#####Chapter 3 KJ 1, 2

3.1. Description of Glass dataset

A data frame with 214 observation containing examples of the chemical analysis of 7 different types of glass. The problem is to forecast the type of class on basis of the chemical analysis. The study of classification of types of glass was motivated by criminological investigation. At the scene of the crime, the glass left can be used as evidence (if it is correctly identified!).

  1. Using visualizations explore the predictor variables to understand their distributions as well as the relationships between predictors.

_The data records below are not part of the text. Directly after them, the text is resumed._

lemma mpow_add_binomial:
  fixes a b :: "nat \<Rightarrow> 'a::comm_ring_1"
  shows "mpow h (\<lambda>\<mu>. a \<mu> + b \<mu>) j =
    (\<Sum>i\<in>{i. mle h i j}. of_nat (mbinom h j i) * mpow h a i * mpow h b (\<lambda>\<mu>. j \<mu> - i \<mu>))"
proof -
  have "mpow h (\<lambda>\<mu>. a \<mu> + b \<mu>) j =
      (\<Prod>\<mu><h. \<Sum>k\<le>j \<mu>. of_nat (j \<mu> choose k) * a \<mu> ^ k * b \<mu> ^ (j \<mu> - k))"
    unfolding mpow_def by (simp add: binomial_ring)
  also have "\<dots> = (\<Sum>p\<in>PiE {..<h} (\<lambda>\<mu>. {..j \<mu>}).
      \<Prod>\<mu><h. of_nat (j \<mu> choose p \<mu>) * a \<mu> ^ p \<mu> * b \<mu> ^ (j \<mu> - p \<mu>))"
    by (rule prod_sum_PiE) auto
  also have "\<dots> = (\<Sum>p\<in>PiE {..<h} (\<lambda>\<mu>. {..j \<mu>}).
      (\<lambda>i. of_nat (mbinom h j i) * mpow h a i * mpow h b (\<lambda>\<mu>. j \<mu> - i \<mu>)) (zero_extend h p))"
    unfolding mbinom_def mpow_def of_nat_prod prod.distrib[symmetric]
    by (intro sum.cong prod.cong) (auto simp: zero_extend_def)
  also have "\<dots> = (\<Sum>i\<in>{i. mle h i j}. of_nat (mbinom h j i) * mpow h a i * mpow h b (\<lambda>\<mu>. j \<mu> - i \<mu>))"
    by (rule sum.reindex_bij_betw[OF bij_betw_zero_extend_mle])
  finally show ?thesis .
qed

lemma exists_mindex_below_with_mabs:
  "s \<le> mabs h i \<Longrightarrow> \<exists>i'. mindex h i' \<and> (\<forall>\<mu><h. i' \<mu> \<le> i \<mu>) \<and> mabs h i' = s"
proof (induction h)
  case 0
  then show ?case by (auto simp: mabs_def mindex_def intro!: exI[of _ "\<lambda>_. 0"])
next
  case (Suc h)
  show ?case
  proof (cases "s \<le> mabs h i")
    case True
    then obtain i' where i': "mindex h i'" "\<forall>\<mu><h. i' \<mu> \<le> i \<mu>" "mabs h i' = s"
      using Suc.IH by blast
    then show ?thesis
      by (intro exI[of _ i']) (auto simp: mindex_def mabs_def less_Suc_eq)
  next
    case False
    define i' where "i' = (\<lambda>\<mu>. if \<mu> < h then i \<mu> else if \<mu> = h then s - mabs h i else 0)"
    have "mabs h i' = mabs h i"
      unfolding mabs_def i'_def by (rule sum.cong) auto
    then show ?thesis using False Suc.prems
      by (intro exI[of _ i']) (auto simp: mindex_def mabs_def i'_def less_Suc_eq)
  qed
qed

lemma eqR_mult_left: "eqR q x y \<Longrightarrow> eqR q (c * x) (c * y)"
  unfolding eqR_def by (simp add: right_diff_distrib[symmetric])

lemma eqR_sum:
  "(\<And>x. x \<in> A \<Longrightarrow> eqR q (F x) (G x)) \<Longrightarrow> eqR q (sum F A) (sum G A)"
  unfolding eqR_def by (simp add: dvd_sum sum_subtractf[symmetric])

lemma eqR_imp_congR:
  assumes "eqR q x y"
  shows "congR q x y M"
proof -
  obtain k where "x - y = M * 0 + hcurve q * k"
    using assms unfolding eqR_def by auto
  then show ?thesis unfolding congR_def by blast
qed

lemma congR_sum:
  assumes "finite A" "\<And>x. x \<in> A \<Longrightarrow> congR q (F x) (G x) M"
  shows "congR q (sum F A) (sum G A) M"
  using assms
proof (induction A rule: finite_induct)
  case empty
  show ?case unfolding congR_def by (auto intro!: exI[of _ 0])
next
  case (insert x A)
  obtain a b where "sum F A - sum G A = M * a + hcurve q * b"
    using insert unfolding congR_def by blast
  moreover obtain c d where "F x - G x = M * c + hcurve q * d"
    using insert.prems unfolding congR_def by blast
  ultimately show ?case
    using insert.hyps unfolding congR_def
    by (intro exI[of _ "a + c"] exI[of _ "b + d"]) (simp add: algebra_simps)
qed

lemma eqR_multiple_imp_congR_zero:
  assumes "eqR q x (M * y)"
  shows "congR q (c * x) 0 M"
proof -
  obtain k where "x - M * y = hcurve q * k"
    using assms unfolding eqR_def by blast
  then have "c * x - 0 = M * (c * y) + hcurve q * (c * k)"
    by (simp add: algebra_simps eq_diff_eq)
  then show ?thesis unfolding congR_def by blast
qed

lemma mult_mpow_congR_zero:
  assumes Om: "\<And>i. mindex h i \<Longrightarrow> mabs h i = s \<Longrightarrow> eqR q (L * mpow h F i) (M ^ s * Om i)"
    and "s \<le> mabs h i"
  shows "congR q (c * (L * mpow h F i)) 0 (M ^ s)"
proof -
  obtain i' where i': "mindex h i'" "\<forall>\<mu><h. i' \<mu> \<le> i \<mu>" "mabs h i' = s"
    using exists_mindex_below_with_mabs[OF assms(2)] by blast
  have "c * (L * mpow h F i) = c * mpow h F (\<lambda>\<mu>. i \<mu> - i' \<mu>) * (L * mpow h F i')"
    using mpow_split[OF i'(2), of F] by (simp add: algebra_simps)
  with Om[OF i'(1,3)] show ?thesis
    by (metis eqR_multiple_imp_congR_zero)
qed

lemma mpow_expansion_modulo:
  fixes L M :: "'a::comm_ring_1 poly poly" and f R :: "nat \<Rightarrow> 'a poly poly"
    and Om :: "(nat \<Rightarrow> nat) \<Rightarrow> 'a poly poly" and h :: nat and j :: "nat \<Rightarrow> nat"
  defines "Y \<equiv> \<lambda>i. Om i * of_nat (mbinom h j i) * mpow h R (\<lambda>\<mu>. j \<mu> - i \<mu>) * M ^ mabs h i"
  assumes Om: "\<And>i. mindex h i \<Longrightarrow> mabs h i \<le> s \<Longrightarrow>
      eqR q (L * mpow h (\<lambda>\<mu>. f \<mu> - R \<mu>) i) (M ^ mabs h i * Om i)"
  shows "mabs h j < s \<Longrightarrow> eqR q (L * mpow h f j) (\<Sum>i\<in>{i. mle h i j}. Y i)"
    and "s \<le> mabs h j \<Longrightarrow>
      congR q (L * mpow h f j) (\<Sum>i\<in>{i. mle h i j \<and> mabs h i < s}. Y i) (M ^ s)"
proof -
  define F where "F = (\<lambda>\<mu>. f \<mu> - R \<mu>)"
  define X where "X = (\<lambda>i. of_nat (mbinom h j i) * mpow h R (\<lambda>\<mu>. j \<mu> - i \<mu>) * (L * mpow h F i))"
  have "L * mpow h f j = L * mpow h (\<lambda>\<mu>. F \<mu> + R \<mu>) j"
    by (simp add: F_def)
  then have expansion: "L * mpow h f j = (\<Sum>i\<in>{i. mle h i j}. X i)"
    by (simp add: mpow_add_binomial sum_distrib_left X_def algebra_simps)
  have XY: "eqR q (X i) (Y i)" if "mle h i j" "mabs h i \<le> s" for i
  proof -
    have "mindex h i" using that(1) by (simp add: mle_def)
    from eqR_mult_left[OF Om[OF this that(2)],
        of "of_nat (mbinom h j i) * mpow h R (\<lambda>\<mu>. j \<mu> - i \<mu>)"]
    show ?thesis by (simp add: X_def Y_def F_def mult_ac)
  qed
  show "eqR q (L * mpow h f j) (\<Sum>i\<in>{i. mle h i j}. Y i)" if "mabs h j < s"
    unfolding expansion
    using that by (intro eqR_sum XY) (auto simp: mle_def dest!: mabs_mono)
  have "congR q (X i) (if mabs h i < s then Y i else 0) (M ^ s)" if "mle h i j" for i
  proof (cases "mabs h i < s")
    case True
    then show ?thesis using XY[OF that] by (simp add: eqR_imp_congR)
  next
    case False
    have "\<And>i'. mindex h i' \<Longrightarrow> mabs h i' = s \<Longrightarrow> eqR q (L * mpow h F i') (M ^ s * Om i')"
      using Om unfolding F_def by fastforce
    then have "congR q (X i) 0 (M ^ s)"
      using False unfolding X_def by (intro mult_mpow_congR_zero) auto
    with False show ?thesis by simp
  qed
  then have "congR q (\<Sum>i\<in>{i. mle h i j}. X i)
      (\<Sum>i\<in>{i. mle h i j}. if mabs h i < s then Y i else 0) (M ^ s)"
    by (intro congR_sum finite_mle) auto
  moreover have "(\<Sum>i\<in>{i. mle h i j \<and> mabs h i < s}. Y i) =
      (\<Sum>i\<in>{i. mle h i j}. if mabs h i < s then Y i else 0)"
    using sum.inter_filter[OF finite_mle, of Y h j "\<lambda>i. mabs h i < s"]
    by (simp add: conj_commute)
  ultimately show "congR q (L * mpow h f j) (\<Sum>i\<in>{i. mle h i j \<and> mabs h i < s}. Y i) (M ^ s)"
    by (simp add: expansion)
qed

theorem theorem2:
  fixes q h mH l s :: nat
    and f :: "nat \<Rightarrow> ('a::{field,finite}) poly poly"
    and e :: "nat \<Rightarrow> 'a \<times> 'a \<Rightarrow> 'a"
    and R :: "nat \<Rightarrow> 'a poly poly"
    and Lam :: "'a poly poly"
    and Om :: "(nat \<Rightarrow> nat) \<Rightarrow> 'a poly poly"
  defines "n \<equiv> q ^ 3"
    and "g \<equiv> q * (q - 1) div 2"
    and "r \<equiv> (\<lambda>\<mu> P. evalR (f \<mu>) P + e \<mu> P)"
    and "E \<equiv> {P \<in> hpoints q. \<exists>\<mu><h. e \<mu> P \<noteq> 0}"
  assumes q: "prime_power q"
    and card: "CARD('a) = q ^ 2"
    and h: "h \<ge> 1"
    and mH: "2 * (int g - 1) < int mH" "mH < n"
    and f: "\<forall>\<mu><h. degH_le q (int mH) (f \<mu>)"
    and Lam_in: "\<forall>P\<in>E. val_ge q P s Lam"
    and Lam_monic: "monicR q Lam"
    and Lam_min: "\<forall>L. (\<forall>P\<in>E. val_ge q P s L) \<longrightarrow> \<not> eqR q L 0 \<longrightarrow> degH q Lam \<le> degH q L"
    and R: "\<forall>\<mu><h. degH_lt q (int (n + 2 * g)) (R \<mu>) \<and> (\<forall>P\<in>hpoints q. evalR (R \<mu>) P = r \<mu> P)"
    and ls: "1 \<le> s" "s \<le> l"
    and Om: "\<forall>i. mindex h i \<longrightarrow> mabs h i \<le> s \<longrightarrow>
               degH_le q (int (degH q Lam) + int (mabs h i) * (2 * int g - 1)) (Om i) \<and>
               eqR q (Lam * mpow h (\<lambda>\<mu>. f \<mu> - R \<mu>) i) (Gpoly q ^ mabs h i * Om i)"
  shows "\<forall>j. mindex h j \<longrightarrow> 1 \<le> mabs h j \<longrightarrow> mabs h j \<le> l \<longrightarrow>
           (mabs h j < s \<longrightarrow>
              eqR q (Lam * mpow h f j)
                (\<Sum>i\<in>{i. mle h i j}. Om i * of_nat (mbinom h j i) * mpow h R (\<lambda>\<mu>. j \<mu> - i \<mu>)
                    * Gpoly q ^ mabs h i)) \<and>
           (s \<le> mabs h j \<longrightarrow>
              congR q (Lam * mpow h f j)
                (\<Sum>i\<in>{i. mle h i j \<and> mabs h i < s}. Om i * of_nat (mbinom h j i)
                    * mpow h R (\<lambda>\<mu>. j \<mu> - i \<mu>) * Gpoly q ^ mabs h i)
                (Gpoly q ^ s))"
proof (intro allI impI conjI)
  have Om_eq: "\<And>i. mindex h i \<Longrightarrow> mabs h i \<le> s \<Longrightarrow>
      eqR q (Lam * mpow h (\<lambda>\<mu>. f \<mu> - R \<mu>) i) (Gpoly q ^ mabs h i * Om i)"
    using Om by blast
  fix j
  show "eqR q (Lam * mpow h f j)
      (\<Sum>i\<in>{i. mle h i j}. Om i * of_nat (mbinom h j i) * mpow h R (\<lambda>\<mu>. j \<mu> - i \<mu>)
        * Gpoly q ^ mabs h i)" if "mabs h j < s"
    using mpow_expansion_modulo(1)[OF Om_eq that] .
  show "congR q (Lam * mpow h f j)
      (\<Sum>i\<in>{i. mle h i j \<and> mabs h i < s}. Om i * of_nat (mbinom h j i)
        * mpow h R (\<lambda>\<mu>. j \<mu> - i \<mu>) * Gpoly q ^ mabs h i) (Gpoly q ^ s)" if "s \<le> mabs h j"
    using mpow_expansion_modulo(2)[OF Om_eq that] .
qed
(* Let $\phi$ be an instance of MonLinNAE3SAT, and let $\mathcal{G}$ be the lifetime-1 temporal graph constructed from $\phi$, with sources $s$ and $s'$. If $\phi$ is satisfiable in the not-all-equal sense, then the minimum value of a solution of \textsc{ReachFast} on $\mathcal{G}$ with sources $\{s,s'\}$ equals $6$.
   Context: MonLinNAE3SAT instance: a CNF formula $\phi$ on variables $x_1,\dots,x_n$ with clauses $c_1,\dots,c_m$. Every clause has exactly three distinct literals, every variable appears exactly four times, there are no negations, and any two clauses share at most one variable. The formula is NAE-satisfiable if some truth assignment makes, in every clause, at least one literal true and at least one literal false. Construction of $\mathcal{G}$. All edges have the single label $1$ (lifetime $1$). The vertices and edges are as follows. - Sources $s,s'$. - For each clause $c_j$: vertices $a_j,a'_j,z_j,z'_j$ and edges $sa_j$, $s'a'_j$, $a_jz_j$, $a'_jz'_j$. - For each variable $x_i$: vertices $b_i,b'_i,w_i$ and edges $b_iw_i$, $w_ib'_i$. - If $x_i$ appears in $c_j$: edges $a_jb_i$ and $a'_jb'_i$. - If $x_i$ and $x_k$ appear in a common clause: edges $b_ib_k$, $b'_ib'_k$, $w_iw_k$. - A ladder on vertices $p_1,\dots,p_5,q_1,\dots,q_5$ with edges $sp_1$, $sq_1$, $s'p_5$, $s'q_5$, $p_ip_{i+1}$ and $q_iq_{i+1}$ for $i\in[4]$, and $p_iq_i$ for $i\in[5]$. Temporal graph notions. A temporal graph has edge sets $E_1,\dots,E_{t_{\max}}$, and an edge has label $i$ if it lies in $E_i$. A temporal path uses edges with strictly increasing labels; its arrival time is its last label. $\mathrm{reachtime}(v,\cdot)$ is the least $t$ such that $v$ reaches every vertex by time $t$. Delaying a label $i$ by a positive integer $\delta$ replaces it by $i+\delta$. A solution for sources $S$ is a temporal graph obtained by delaying labels in which every source reaches every vertex; its value is $\max_{v\in S}\mathrm{reachtime}(v,\cdot)$. *)

theory Defs
  imports Complex_Main
begin

text \<open>Variables are x_0,...,x_{n-1}, clauses c_0,...,c_{m-1}; a clause is the set of
  (indices of) its three distinct variables (no negations: monotone).\<close>

definition MonLinNAE3SAT :: "nat \<Rightarrow> nat \<Rightarrow> (nat \<Rightarrow> nat set) \<Rightarrow> bool" where
  "MonLinNAE3SAT n m c \<longleftrightarrow>
     (\<forall>j<m. c j \<subseteq> {..<n} \<and> card (c j) = 3) \<and>
     (\<forall>i<n. card {j. j < m \<and> i \<in> c j} = 4) \<and>
     (\<forall>j<m. \<forall>k<m. j \<noteq> k \<longrightarrow> card (c j \<inter> c k) \<le> 1)"

definition NAE_satisfiable :: "nat \<Rightarrow> (nat \<Rightarrow> nat set) \<Rightarrow> bool" where
  "NAE_satisfiable m c \<longleftrightarrow>
     (\<exists>\<tau> :: nat \<Rightarrow> bool. \<forall>j<m. (\<exists>i\<in>c j. \<tau> i) \<and> (\<exists>i\<in>c j. \<not> \<tau> i))"

definition temporal_path_arrival ::
  "'v set set \<Rightarrow> ('v set \<Rightarrow> nat) \<Rightarrow> 'v \<Rightarrow> 'v \<Rightarrow> nat \<Rightarrow> bool" where
  "temporal_path_arrival E lab u v t \<longleftrightarrow>
     (\<exists>vs. length vs \<ge> 2 \<and> hd vs = u \<and> last vs = v \<and>
        (\<forall>k. k + 1 < length vs \<longrightarrow> {vs!k, vs!(k+1)} \<in> E) \<and>
        (\<forall>k. k + 2 < length vs \<longrightarrow> lab {vs!k, vs!(k+1)} < lab {vs!(k+1), vs!(k+2)}) \<and>
        lab {vs!(length vs - 2), vs!(length vs - 1)} = t)"

definition reaches_by :: "'v set set \<Rightarrow> ('v set \<Rightarrow> nat) \<Rightarrow> 'v \<Rightarrow> 'v \<Rightarrow> nat \<Rightarrow> bool" where
  "reaches_by E lab u v t \<longleftrightarrow> u = v \<or> (\<exists>t'\<le>t. temporal_path_arrival E lab u v t')"

definition reachtime :: "'v set \<Rightarrow> 'v set set \<Rightarrow> ('v set \<Rightarrow> nat) \<Rightarrow> 'v \<Rightarrow> nat" where
  "reachtime V E lab u = (LEAST t. \<forall>v\<in>V. reaches_by E lab u v t)"

definition delayed :: "'v set set \<Rightarrow> ('v set \<Rightarrow> nat) \<Rightarrow> ('v set \<Rightarrow> nat) \<Rightarrow> bool" where
  "delayed E lab0 lab \<longleftrightarrow> (\<forall>e\<in>E. lab0 e \<le> lab e)"

definition is_solution ::
  "'v set \<Rightarrow> 'v set set \<Rightarrow> ('v set \<Rightarrow> nat) \<Rightarrow> 'v set \<Rightarrow> ('v set \<Rightarrow> nat) \<Rightarrow> bool" where
  "is_solution V E lab0 S lab \<longleftrightarrow> delayed E lab0 lab \<and>
     (\<forall>s\<in>S. \<forall>v\<in>V. \<exists>t. reaches_by E lab s v t)"

definition solution_value :: "'v set \<Rightarrow> 'v set set \<Rightarrow> ('v set \<Rightarrow> nat) \<Rightarrow> 'v set \<Rightarrow> nat" where
  "solution_value V E lab S = Max ((\<lambda>s. reachtime V E lab s) ` S)"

There are a total of 214 glass samples taken with no instances of missing data for any of the predictor variables. Based upon their histograms and skewness, the predictors RI, Na, Al, Si & Ca display either either a normal distribution pattern or a distribution that could be transformed into a normal distribution pattern i.e. division by sqrt(s). The remaining predictor variables Mg, K, Ba & Fe display concentrations of 0 frequency.

  1. Do there appear to be any outliers in the data? Are any predictors skewed?

The existance of concentrations of 0 occurrence without additional information does not indicate an invalid measurement and therefore discarding this data or imputing replacement data would reduce the predictive accuracy of any model based on such action.

  1. Are there any relevant transformations of one or more predictors that might improve the classification model?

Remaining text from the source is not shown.